| Exercise instructions |
Every line with the string "assumes" in it belongs in your answer, so copy them all from the data.

[Stored items]

lemma segs_eq_if_agree_on_started:
  assumes "\<And>j. j < n \<Longrightarrow> p j > 0" "\<And>j. j \<in> started n A pr p N \<Longrightarrow> q j = p j" "i < N"
  shows "segs n A pr q i = segs n A pr p i"
proof -
  have "Suc i \<le> N"
    using assms(3) by simp
  then have "hist n A pr q (Suc i) = hist n A pr p (Suc i)"
    using assms(1,2) by (rule hist_eq_if_agree_on_started[rotated 2])
  then show ?thesis
    by (simp add: hist_Suc_segs del: hist.simps(2))
qed

definition last_run :: "nat \<Rightarrow> alg \<Rightarrow> (nat \<Rightarrow> real) \<Rightarrow> (nat \<Rightarrow> real) \<Rightarrow> nat \<Rightarrow> nat \<Rightarrow> nat" where
  "last_run n A pr p k j = Max {i. i < k \<and> fst (segs n A pr p i) = Some j}"

lemma last_run:
  assumes "j \<in> started n A pr p k"
  shows "last_run n A pr p k j < k" "fst (segs n A pr p (last_run n A pr p k j)) = Some j"
    "\<And>i. i < k \<Longrightarrow> fst (segs n A pr p i) = Some j \<Longrightarrow> i \<le> last_run n A pr p k j"
proof -
  let ?I = "{i. i < k \<and> fst (segs n A pr p i) = Some j}"
  have "finite ?I" "?I \<noteq> {}"
    using assms unfolding started_def by auto
  then show "last_run n A pr p k j < k" "fst (segs n A pr p (last_run n A pr p k j)) = Some j"
    "\<And>i. i < k \<Longrightarrow> fst (segs n A pr p i) = Some j \<Longrightarrow> i \<le> last_run n A pr p k j"
    using Max_in[of ?I] Max_ge[of ?I] unfolding last_run_def by auto
qed

lemma last_run_preempt_point:
  assumes "j \<in> started n A pr p (Suc M)" "j \<notin> completed n A pr p M" "fst (segs n A pr p M) \<noteq> Some j"
  shows "last_run n A pr p (Suc M) j \<in> preempt_points n A pr p"
proof -
  let ?x = "last_run n A pr p (Suc M) j"
  note last = last_run[OF assms(1)]
  have "?x < M"
    using last(1,2) assms(3) less_Suc_eq by auto
  then have "\<not> snd (snd (segs n A pr p ?x))"
    using last(2) assms(2) unfolding completed_def completes_def by blast
  moreover have "fst (segs n A pr p (Suc ?x)) \<noteq> Some j"
    using last(3)[of "Suc ?x"] \<open>?x < M\<close> by auto
  ultimately show ?thesis
    unfolding preempt_points_def using last(2) by blast
qed

lemma card_started_le:
  assumes "preempt_le n A pr p s"
  shows "card (started n A pr p (Suc M)) \<le> card (completed n A pr p M) + s + 1"
proof -
  define S where "S = started n A pr p (Suc M)"
  define C where "C = completed n A pr p M"
  define R where "R = set_option (fst (segs n A pr p M))"
  have preempted: "last_run n A pr p (Suc M) ` (S - C - R) \<subseteq> preempt_points n A pr p"
  proof (rule image_subsetI)
    fix j assume j: "j \<in> S - C - R"
    then have "fst (segs n A pr p M) \<noteq> Some j"
      unfolding R_def by force
    with j show "last_run n A pr p (Suc M) j \<in> preempt_points n A pr p"
      unfolding S_def C_def by (intro last_run_preempt_point) simp_all
  qed
  have "inj_on (last_run n A pr p (Suc M)) (S - C - R)"
  proof (rule inj_onI)
    fix i j assume "i \<in> S - C - R" "j \<in> S - C - R"
      and "last_run n A pr p (Suc M) i = last_run n A pr p (Suc M) j"
    then show "i = j"
      using last_run(2)[of i n A pr p "Suc M"] last_run(2)[of j n A pr p "Suc M"]
      unfolding S_def by (metis DiffD1 option.inject)
  qed
  then have "card (S - C - R) = card (last_run n A pr p (Suc M) ` (S - C - R))"
    by (simp add: card_image)
  also have "\<dots> \<le> card (preempt_points n A pr p)"
    using preempted assms unfolding preempt_le_def by (intro card_mono) simp_all
  also have "\<dots> \<le> s"
    using assms unfolding preempt_le_def by simp
  finally have "card (S - C - R) \<le> s" .
  moreover have "card R \<le> 1"
    unfolding R_def by (cases "fst (segs n A pr p M)") simp_all
  moreover have "card S \<le> card C + card (S - C - R) + card R"
  proof -
    have "finite C" "finite S"
      unfolding C_def S_def by (rule finite_subset[OF completed_subset] finite_subset[OF started_subset], simp)+
    then have "card S \<le> card (C \<union> (S - C - R) \<union> R)"
      unfolding R_def by (intro card_mono) auto
    also have "\<dots> \<le> card C + card (S - C - R) + card R"
      using card_Un_le[of C "S - C - R"] card_Un_le[of "C \<union> (S - C - R)" R] by linarith
    finally show ?thesis .
  qed
  ultimately show ?thesis
    unfolding S_def C_def by linarith
qed

section \<open>The adversary\<close>

lemma total_cost_ge_unstarted:
  assumes pos: "\<And>j. j < n \<Longrightarrow> p j > 0" and agree: "\<And>j. j \<in> started n A pr p N \<Longrightarrow> q j = p j"
  shows "ereal (real (n - card (started n A pr p N)) * elapsed n A pr p N) \<le> total_cost n A pr q"
proof -
  let ?S = "started n A pr p N"
  have "segs n A pr q i = segs n A pr p i" if "i < N" for i
    using pos agree that by (rule segs_eq_if_agree_on_started)
  then have "started n A pr q N = ?S" "elapsed n A pr q N = elapsed n A pr p N"
    unfolding started_def elapsed_def by auto
  then have late: "ereal (elapsed n A pr p N) \<le> compl_time n A pr q j" if "j \<notin> ?S" for j
    using compl_time_ge_elapsed[of j n A pr q N] that by simp
  have "card ({..<n} - ?S) = n - card ?S"
    using started_subset[of n A pr p N] by (metis card_Diff_subset card_lessThan finite_lessThan finite_subset)
  then have "ereal (real (n - card ?S) * elapsed n A pr p N) = (\<Sum>j\<in>{..<n} - ?S. ereal (elapsed n A pr p N))"
    by simp
  also have "\<dots> \<le> (\<Sum>j\<in>{..<n} - ?S. compl_time n A pr q j)"
    using late by (intro sum_mono) simp
  also have "\<dots> \<le> total_cost n A pr q"
    unfolding total_cost_def using compl_time_nonneg by (intro sum_mono2) auto
  finally show ?thesis .
qed

lemma first_reach_started_le:
  assumes preempt: "preempt_le n A (\<lambda>_. 1) (\<lambda>_. 1) s" and "1 \<le> s"
    and reached: "real s \<le> elapsed n A (\<lambda>_. 1) (\<lambda>_. 1) K"
  obtains N where "real s \<le> elapsed n A (\<lambda>_. 1) (\<lambda>_. 1) N"
    and "card (started n A (\<lambda>_. 1) (\<lambda>_. 1) N) \<le> 2 * s"
proof -
  let ?u = "\<lambda>_::nat. 1::real"
  define N where "N = (LEAST k. real s \<le> elapsed n A ?u ?u k)"
  have reached_N: "real s \<le> elapsed n A ?u ?u N"
    unfolding N_def using reached by (rule LeastI)
  then have "N \<noteq> 0"
    using \<open>1 \<le> s\<close> by (cases N) (simp_all add: elapsed_def)
  then obtain M where M: "N = Suc M"
    using not0_implies_Suc by blast
  have "elapsed n A ?u ?u M < real s"
    using not_less_Least[of M "\<lambda>k. real s \<le> elapsed n A ?u ?u k"] M unfolding N_def by simp
  then have "real (card (completed n A ?u ?u M)) < real s"
    using sum_completed_le_elapsed[of ?u n A ?u M] by simp
  then have "card (started n A ?u ?u N) \<le> 2 * s"
    unfolding M using card_started_le[OF preempt, of M] by linarith
  with reached_N show ?thesis
    by (rule that)
qed

lemma unit_run_adversary:
  assumes "preempt_le n A (\<lambda>_. 1) (\<lambda>_. 1) s" "1 \<le> s"
    and "real s \<le> elapsed n A (\<lambda>_. 1) (\<lambda>_. 1) K"
  shows "\<exists>q. (\<forall>j. 0 < q j \<and> q j \<le> 1) \<and>
    ereal (real s * (real n - 2 * real s)) \<le> total_cost n A (\<lambda>_. 1) q \<and>
    opt_cost n q \<le> ereal (1 + 4 * real s * real s)"
proof -
  let ?u = "\<lambda>_::nat. 1::real"
  obtain N where reached: "real s \<le> elapsed n A ?u ?u N"
    and card_S: "card (started n A ?u ?u N) \<le> 2 * s"
    using first_reach_started_le[OF assms] .
  define S where "S = started n A ?u ?u N"
  define q where "q = (\<lambda>j. if j \<in> S then 1 else tiny_size n)"
  have "real n - 2 * real s \<le> real (n - card S)"
    using card_S unfolding S_def by (cases "card S \<le> n") (simp_all add: of_nat_diff)
  then have "real s * (real n - 2 * real s) \<le> real (n - card S) * real s"
    by (metis mult.commute mult_right_mono of_nat_0_le_iff)
  also have "\<dots> \<le> real (n - card S) * elapsed n A ?u ?u N"
    using reached by (intro mult_left_mono) simp_all
  also have "ereal \<dots> \<le> total_cost n A ?u q"
    unfolding S_def q_def by (rule total_cost_ge_unstarted) simp_all
  finally have "ereal (real s * (real n - 2 * real s)) \<le> total_cost n A ?u q"
    by simp
  moreover have "opt_cost n q \<le> ereal (1 + 4 * real s * real s)"
    unfolding q_def S_def using started_subset card_S by (rule opt_cost_adversary_le)
  moreover have "\<forall>j. 0 < q j \<and> q j \<le> 1"
    using tiny_size_pos tiny_size_le_one by (simp add: q_def)
  ultimately show ?thesis
    by blast
qed

lemma lower_bound_arith:
  fixes n s :: real
  assumes "1 \<le> s" "7 * s \<le> 3 * n"
  shows "1 / 24 * (n - s) / s * (1 + 4 * s * s) \<le> s * (n - 2 * s)"
proof -
  have "1 * 1 \<le> s * s"
    using assms(1) by (intro mult_mono) simp_all
  moreover have "0 \<le> (n - s) / s"
    using assms by simp
  ultimately have "1 / 24 * (n - s) / s * (1 + 4 * s * s) \<le> 1 / 24 * (n - s) / s * (5 * s * s)"
    by (intro mult_left_mono) simp_all
  also have "\<dots> = 5 / 24 * s * (n - s)"
    using assms(1) by (simp add: field_simps)
  also have "\<dots> \<le> s * (n - 2 * s)"
  proof -
    have "0 \<le> s * (19 * n - 43 * s)"
      using assms by (intro mult_nonneg_nonneg) simp_all
    then show ?thesis
      by (simp add: field_simps)
  qed
  finally show ?thesis .
qed

lemma unit_run_lower_bound:
  assumes "1 \<le> s" and preempt: "preempt_le n A (\<lambda>_. 1) (\<lambda>_. 1) s"
  shows "\<exists>p pr. (\<forall>j<n. p j > 0 \<and> pr j \<ge> p j) \<and>
    total_cost n A pr p \<ge> ereal (1 / 24 * (real n - real s) / real s) * opt_cost n p"
proof -
  let ?u = "\<lambda>_::nat. 1::real" and ?f = "1 / 24 * (real n - real s) / real s"
  consider (few_jobs) "3 * n < 7 * s"
    | (zeno) "7 * s \<le> 3 * n" "\<forall>k. elapsed n A ?u ?u k < real s"
    | (reached) K where "7 * s \<le> 3 * n" "real s \<le> elapsed n A ?u ?u K"
    by (meson not_le)
  then show ?thesis
  proof cases
    case few_jobs
    then have "ereal ?f * opt_cost n ?u \<le> ereal 1 * opt_cost n ?u"
      using \<open>1 \<le> s\<close> by (intro ereal_mult_right_mono) (simp_all add: field_simps opt_cost_nonneg)
    also have "\<dots> \<le> total_cost n A ?u ?u"
      by (simp add: opt_cost_le_total_cost)
    finally show ?thesis
      by (intro exI[of _ ?u]) simp
  next
    case zeno
    have "real s \<le> sum ?u {..<n}"
      using zeno(1) by simp
    then have "total_cost n A ?u ?u = \<infinity>"
      using zeno(2) by (intro total_cost_infinite_if_elapsed_bounded) (meson less_le_trans)
    then show ?thesis
      by (intro exI[of _ ?u]) simp
  next
    case reached
    obtain q where q: "\<forall>j. 0 < q j \<and> q j \<le> 1"
      and cost: "ereal (real s * (real n - 2 * real s)) \<le> total_cost n A ?u q"
      and opt: "opt_cost n q \<le> ereal (1 + 4 * real s * real s)"
      using unit_run_adversary[OF preempt \<open>1 \<le> s\<close> reached(2)] by blast
    have "ereal ?f * opt_cost n q \<le> ereal ?f * ereal (1 + 4 * real s * real s)"
      using reached(1) opt by (intro ereal_mult_left_mono) simp_all
    also have "\<dots> \<le> ereal (real s * (real n - 2 * real s))"
      using lower_bound_arith[of "real s" "real n"] reached(1) \<open>1 \<le> s\<close> by simp
    finally show ?thesis
      using q cost by (meson order_trans)
  qed
qed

| Result for this task |
  assumes "\<And>j. j < n \<Longrightarrow> p j > 0" "\<And>j. j \<in> started n A pr p N \<Longrightarrow> q j = p j" "i < N"
  assumes "j \<in> started n A pr p k"
  assumes "j \<in> started n A pr p (Suc M)" "j \<notin> completed n A pr p M" "fst (segs n A pr p M) \<noteq> Some j"
  assumes "preempt_le n A pr p s"
  assumes pos: "\<And>j. j < n \<Longrightarrow> p j > 0" and agree: "\<And>j. j \<in> started n A pr p N \<Longrightarrow> q j = p j"
  assumes preempt: "preempt_le n A (\<lambda>_. 1) (\<lambda>_. 1) s" and "1 \<le> s"
  assumes "preempt_le n A (\<lambda>_. 1) (\<lambda>_. 1) s" "1 \<le> s"
  assumes "1 \<le> s" "7 * s \<le> 3 * n"
  assumes "1 \<le> s" and preempt: "preempt_le n A (\<lambda>_. 1) (\<lambda>_. 1) s"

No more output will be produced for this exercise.